Oil workers get paid as much as they do because of 4 reasons, that kind of work doesn't appeal to alot of people regardless of wage. It is extremely physically demanding, you're working in the middle of bum**** no where, exposed to the elements and finally the hours are worse then shift work, not at all comparable to working on the assembly line.

These numbers come from Forbes, in terms of total compensation, feel free to dispute them. I cannot vouch for their accuracy other then the source they came from.



Bottem line, union workers at the American autoworkers are overpaid and an example of how unions can be detrimental in todays society. If the American auto companies want to be viable long term they need to bring their labour costs inline with their competitors.
Someone said something about floor sweepers, must not have been you - the point was directed at them though.



As for rig work v. line work -- you have not worked on a line before eh? It is pretty obvious because if you had you would be saying the opposite.

Those workers get to stay outside instead of stuck in oppressive feeling plants for years on end without seeing daylight, they get to waste hours driving too and from places and waiting for contractors and rigs and such to show-up, they are generally paid all sorts of per diems in excess of their real costs to party in hotels all week, they get to go out and see the countryside, and they don't have to nearly as repetitive tasks that really do wear your body down more than sheer physical work does.

A lot of that is silly, both jobs are hard, but people here in Alberta spout off about how easy those jobs are all the time and really have no clue.

As somone who had the misfortune of working on a line once long ago it is EASILY the hardest work I have ever done. I DO think they are often somewhat overpaid just because people at the bottom are almost always underpaid but I don't buy any of this sentiment that if only wages were $12/hr less the Big3 would be fine -- that is total bull.


Management is the problem at the Big3, not line-employee wages.




As for those wage numbers I would be most concerned that they are again the all-in costs for those employees. What is the employee actually making? Is one making $34/hr and the other $29 ($5 difference is pretty small, especially when most import plants are in the lower cost south while most domestic plants are in the higher living cost north) and the rest of the all-in has much to do with poor long term management by the domestics. Also, I would also be curious how profit sharing is being incorporated into those numbers, import plants pay it and domestics do not.

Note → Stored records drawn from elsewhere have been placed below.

(* Let $n$ be a positive integer, let $\mathcal F$ be an $\mathcal N$-saturated family of subsets of $[n]$, and let $A_1,\dots,A_k$ and $B_1,\dots,B_l$ be sets in $\mathcal F$, where $k,l\ge1$, such that $\bigcup_{i=1}^l B_i\subseteq\bigcap_{i=1}^k A_i$. Then there exists $M\in\mathcal F$ such that $\bigcup_{i=1}^l B_i\subseteq M\subseteq\bigcap_{i=1}^k A_i$.
   Context: The poset $\mathcal N$ has four elements $a,b,c,d$ with $a<c$, $b<c$, $b<d$ and no other comparabilities. A family $\mathcal Q$ of sets (ordered by inclusion) contains an induced copy of $\mathcal N$ if there are distinct sets in $\mathcal Q$ whose inclusion relations are exactly those of $a,b,c,d$ above. A family $\mathcal F$ of subsets of $[n]=\{1,\dots,n\}$ is $\mathcal N$-saturated if $\mathcal F$ contains no induced copy of $\mathcal N$, but for every $S\subseteq[n]$ with $S\notin\mathcal F$, the family $\mathcal F\cup\{S\}$ contains an induced copy of $\mathcal N$. *)

theory Defs
  imports Main
begin

definition incomparable :: "'a set \<Rightarrow> 'a set \<Rightarrow> bool" where
  "incomparable X Y \<longleftrightarrow> \<not> X \<subseteq> Y \<and> \<not> Y \<subseteq> X"

definition has_induced_N :: "'a set set \<Rightarrow> bool" where
  "has_induced_N Q \<longleftrightarrow> (\<exists>a\<in>Q. \<exists>b\<in>Q. \<exists>c\<in>Q. \<exists>d\<in>Q.
      distinct [a, b, c, d] \<and>
      a \<subset> c \<and> b \<subset> c \<and> b \<subset> d \<and>
      incomparable a b \<and> incomparable a d \<and> incomparable c d)"

definition N_saturated :: "nat \<Rightarrow> nat set set \<Rightarrow> bool" where
  "N_saturated n F \<longleftrightarrow> F \<subseteq> Pow {1..n} \<and> \<not> has_induced_N F \<and>
      (\<forall>S. S \<subseteq> {1..n} \<longrightarrow> S \<notin> F \<longrightarrow> has_induced_N (insert S F))"

end

theory Submission
  imports Defs
begin

text \<open>Let \<open>D\<close> be the union of all members of \<open>F\<close> lying below \<open>\<Inter>A\<^sub>i\<close>. Within \<open>F\<close>, every
  set not below \<open>D\<close> is separated from \<open>D\<close> by some \<open>A\<^sub>i \<supseteq> D\<close>, and every set not above \<open>D\<close>
  is separated from it by a member \<open>Z \<subseteq> D\<close>. So if \<open>D\<close> occurs in a copy of \<open>\<N>\<close> in
  \<open>F \<union> {D}\<close>, it can be replaced by a larger member of \<open>F\<close> (when it is a top element of
  \<open>\<N>\<close>) or a smaller one (when it is a bottom element) without destroying the copy. As \<open>F\<close>
  has no copy of \<open>\<N>\<close>, saturation forces \<open>D \<in> F\<close>, and \<open>M = D\<close> works.\<close>

definition N_config :: "'a set \<Rightarrow> 'a set \<Rightarrow> 'a set \<Rightarrow> 'a set \<Rightarrow> bool" where
  "N_config a b c d \<longleftrightarrow> a \<subset> c \<and> b \<subset> c \<and> b \<subset> d \<and>
      incomparable a b \<and> incomparable a d \<and> incomparable c d"

lemma N_config_distinct: "N_config a b c d \<Longrightarrow> distinct [a, b, c, d]"
  unfolding N_config_def incomparable_def by auto

lemma has_induced_N_iff:
  "has_induced_N Q \<longleftrightarrow> (\<exists>a\<in>Q. \<exists>b\<in>Q. \<exists>c\<in>Q. \<exists>d\<in>Q. N_config a b c d)"
  unfolding has_induced_N_def N_config_def[symmetric] using N_config_distinct by blast

lemma N_config_shrink_a: "N_config a b c d \<Longrightarrow> Z \<subseteq> a \<Longrightarrow> \<not> Z \<subseteq> d \<Longrightarrow> N_config Z b c d"
  unfolding N_config_def incomparable_def by blast

lemma N_config_shrink_b: "N_config a b c d \<Longrightarrow> Z \<subseteq> b \<Longrightarrow> \<not> Z \<subseteq> a \<Longrightarrow> N_config a Z c d"
  unfolding N_config_def incomparable_def by blast

lemma N_config_grow_c: "N_config a b c d \<Longrightarrow> c \<subseteq> Y \<Longrightarrow> \<not> d \<subseteq> Y \<Longrightarrow> N_config a b Y d"
  unfolding N_config_def incomparable_def by blast

lemma N_config_grow_d: "N_config a b c d \<Longrightarrow> d \<subseteq> Y \<Longrightarrow> \<not> a \<subseteq> Y \<Longrightarrow> N_config a b c Y"
  unfolding N_config_def incomparable_def by blast

lemma has_induced_NI:
  "a \<in> Q \<Longrightarrow> b \<in> Q \<Longrightarrow> c \<in> Q \<Longrightarrow> d \<in> Q \<Longrightarrow> N_config a b c d \<Longrightarrow> has_induced_N Q"
  unfolding has_induced_N_iff by blast

lemma has_induced_N_insert_separated:
  assumes N: "has_induced_N (insert D F)"
    and above: "\<And>x. x \<in> F \<Longrightarrow> \<not> x \<subseteq> D \<Longrightarrow> \<exists>Y\<in>F. D \<subseteq> Y \<and> \<not> x \<subseteq> Y"
    and below: "\<And>y. y \<in> F \<Longrightarrow> \<not> D \<subseteq> y \<Longrightarrow> \<exists>Z\<in>F. Z \<subseteq> D \<and> \<not> Z \<subseteq> y"
  shows "has_induced_N F"
proof -
  obtain a b c d where abcd: "a \<in> insert D F" "b \<in> insert D F" "c \<in> insert D F" "d \<in> insert D F"
    and N_abcd: "N_config a b c d"
    using N unfolding has_induced_N_iff by blast
  have dist: "distinct [a, b, c, d]"
    using N_abcd by (rule N_config_distinct)
  consider "a \<in> F" "b \<in> F" "c \<in> F" "d \<in> F"
    | "a = D" "b \<in> F" "c \<in> F" "d \<in> F"
    | "b = D" "a \<in> F" "c \<in> F" "d \<in> F"
    | "c = D" "a \<in> F" "b \<in> F" "d \<in> F"
    | "d = D" "a \<in> F" "b \<in> F" "c \<in> F"
    using abcd dist by auto
  then show ?thesis
  proof cases
    case 1
    then show ?thesis
      using N_abcd by (rule has_induced_NI)
  next
    case 2
    with N_abcd have "\<not> D \<subseteq> d"
      unfolding N_config_def incomparable_def by blast
    with below \<open>d \<in> F\<close> obtain Z where "Z \<in> F" "Z \<subseteq> a" "\<not> Z \<subseteq> d"
      unfolding \<open>a = D\<close> by blast
    with 2 show ?thesis
      using N_config_shrink_a[OF N_abcd] by (blast intro: has_induced_NI)
  next
    case 3
    with N_abcd have "\<not> D \<subseteq> a"
      unfolding N_config_def incomparable_def by blast
    with below \<open>a \<in> F\<close> obtain Z where "Z \<in> F" "Z \<subseteq> b" "\<not> Z \<subseteq> a"
      unfolding \<open>b = D\<close> by blast
    with 3 show ?thesis
      using N_config_shrink_b[OF N_abcd] by (blast intro: has_induced_NI)
  next
    case 4
    with N_abcd have "\<not> d \<subseteq> D"
      unfolding N_config_def incomparable_def by blast
    with above \<open>d \<in> F\<close> obtain Y where "Y \<in> F" "c \<subseteq> Y" "\<not> d \<subseteq> Y"
      unfolding \<open>c = D\<close> by blast
    with 4 show ?thesis
      using N_config_grow_c[OF N_abcd] by (blast intro: has_induced_NI)
  next
    case 5
    with N_abcd have "\<not> a \<subseteq> D"
      unfolding N_config_def incomparable_def by blast
    with above \<open>a \<in> F\<close> obtain Y where "Y \<in> F" "d \<subseteq> Y" "\<not> a \<subseteq> Y"
      unfolding \<open>d = D\<close> by blast
    with 5 show ?thesis
      using N_config_grow_d[OF N_abcd] by (blast intro: has_induced_NI)
  qed
qed

lemma N_saturated_mem_if_separated:
  assumes sat: "N_saturated n F" and "D \<subseteq> {1..n}"
    and above: "\<And>x. x \<in> F \<Longrightarrow> \<not> x \<subseteq> D \<Longrightarrow> \<exists>Y\<in>F. D \<subseteq> Y \<and> \<not> x \<subseteq> Y"
    and below: "\<And>y. y \<in> F \<Longrightarrow> \<not> D \<subseteq> y \<Longrightarrow> \<exists>Z\<in>F. Z \<subseteq> D \<and> \<not> Z \<subseteq> y"
  shows "D \<in> F"
proof (rule ccontr)
  assume "D \<notin> F"
  with sat \<open>D \<subseteq> {1..n}\<close> have "has_induced_N (insert D F)"
    unfolding N_saturated_def by blast
  then have "has_induced_N F"
    using above below by (rule has_induced_N_insert_separated)
  with sat show False
    unfolding N_saturated_def by blast
qed

lemma N_saturated_Union_below_Inter_mem:
  assumes sat: "N_saturated n F" and "\<A> \<subseteq> F" "\<A> \<noteq> {}"
  shows "\<Union>{Z\<in>F. Z \<subseteq> \<Inter>\<A>} \<in> F"
proof (rule N_saturated_mem_if_separated[OF sat])
  let ?D = "\<Union>{Z\<in>F. Z \<subseteq> \<Inter>\<A>}"
  have D_below: "?D \<subseteq> A" if "A \<in> \<A>" for A
    using that by blast
  obtain A where "A \<in> \<A>"
    using \<open>\<A> \<noteq> {}\<close> by blast
  moreover have "A \<subseteq> {1..n}"
    using sat \<open>A \<in> \<A>\<close> \<open>\<A> \<subseteq> F\<close> unfolding N_saturated_def by blast
  ultimately show "?D \<subseteq> {1..n}"
    using D_below by blast
  show "\<exists>Y\<in>F. ?D \<subseteq> Y \<and> \<not> x \<subseteq> Y" if "x \<in> F" "\<not> x \<subseteq> ?D" for x
  proof -
    have "\<not> x \<subseteq> \<Inter>\<A>"
      using that by blast
    then obtain A where "A \<in> \<A>" "\<not> x \<subseteq> A"
      by blast
    then show ?thesis
      using D_below \<open>\<A> \<subseteq> F\<close> by blast
  qed
  show "\<exists>Z\<in>F. Z \<subseteq> ?D \<and> \<not> Z \<subseteq> y" if "\<not> ?D \<subseteq> y" for y
    using that by blast
qed

theorem lemma2p3:
  fixes n k l :: nat and F :: "nat set set" and A B :: "nat \<Rightarrow> nat set"
  assumes "n \<ge> 1"
    and "N_saturated n F"
    and "k \<ge> 1" and "l \<ge> 1"
    and "\<forall>i\<in>{1..k}. A i \<in> F"
    and "\<forall>i\<in>{1..l}. B i \<in> F"
    and "(\<Union>i\<in>{1..l}. B i) \<subseteq> (\<Inter>i\<in>{1..k}. A i)"
  shows "\<exists>M\<in>F. (\<Union>i\<in>{1..l}. B i) \<subseteq> M \<and> M \<subseteq> (\<Inter>i\<in>{1..k}. A i)"
proof
  let ?M = "\<Union>{Z\<in>F. Z \<subseteq> (\<Inter>i\<in>{1..k}. A i)}"
  have "A ` {1..k} \<subseteq> F" "A ` {1..k} \<noteq> {}"
    using assms(3,5) by auto
  with assms(2) show "?M \<in> F"
    by (rule N_saturated_Union_below_Inter_mem)
  have "B i \<subseteq> ?M" if "i \<in> {1..l}" for i
    using that assms(6,7) by blast
  then show "(\<Union>i\<in>{1..l}. B i) \<subseteq> ?M \<and> ?M \<subseteq> (\<Inter>i\<in>{1..k}. A i)"
    by blast
qed

end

One thing people out West (and in general) do not give auto-unions nearly enough credit for is raising wages and working conditions for EVERYONE in North America. It was the on-the-ground work done by auto unions years ago that got the ball moving on policy's that protect rig workers in Alberta, that forced wealthy industrialists to start paying living wages and that allow you some rights as an employee versus your boss that once held power over your entire life. People make out the 1950's and 1960's as all romantic now days but there were a LOT of problems and much of the optimisim that people feel when looking back at that time was from the progress of unions in fighting for the 'everyman' that really needed the help.

Unions HAVE outlived their usefulness I agree, and the 'Westjet Model' is much more productive IMO, but they are not to blame for the Big3 mess.

(I would say that cost pressure from unions make the poor managment at the Big3 harder to hide -- but that is kind of a circular argument. If oil drops to $20/barrel and companies look at their balance sheets they could say 'oh look, we aren't making money because of all these employees, it is their fault!' when really it is because there is no demand for their product. When oil prices went up the wages would nto be a problem. Thus: If the Big3 made good cars the employee wages are just fine.)







Claeren.

Last edited by Claeren; 11-11-2008 at 10:39 AM.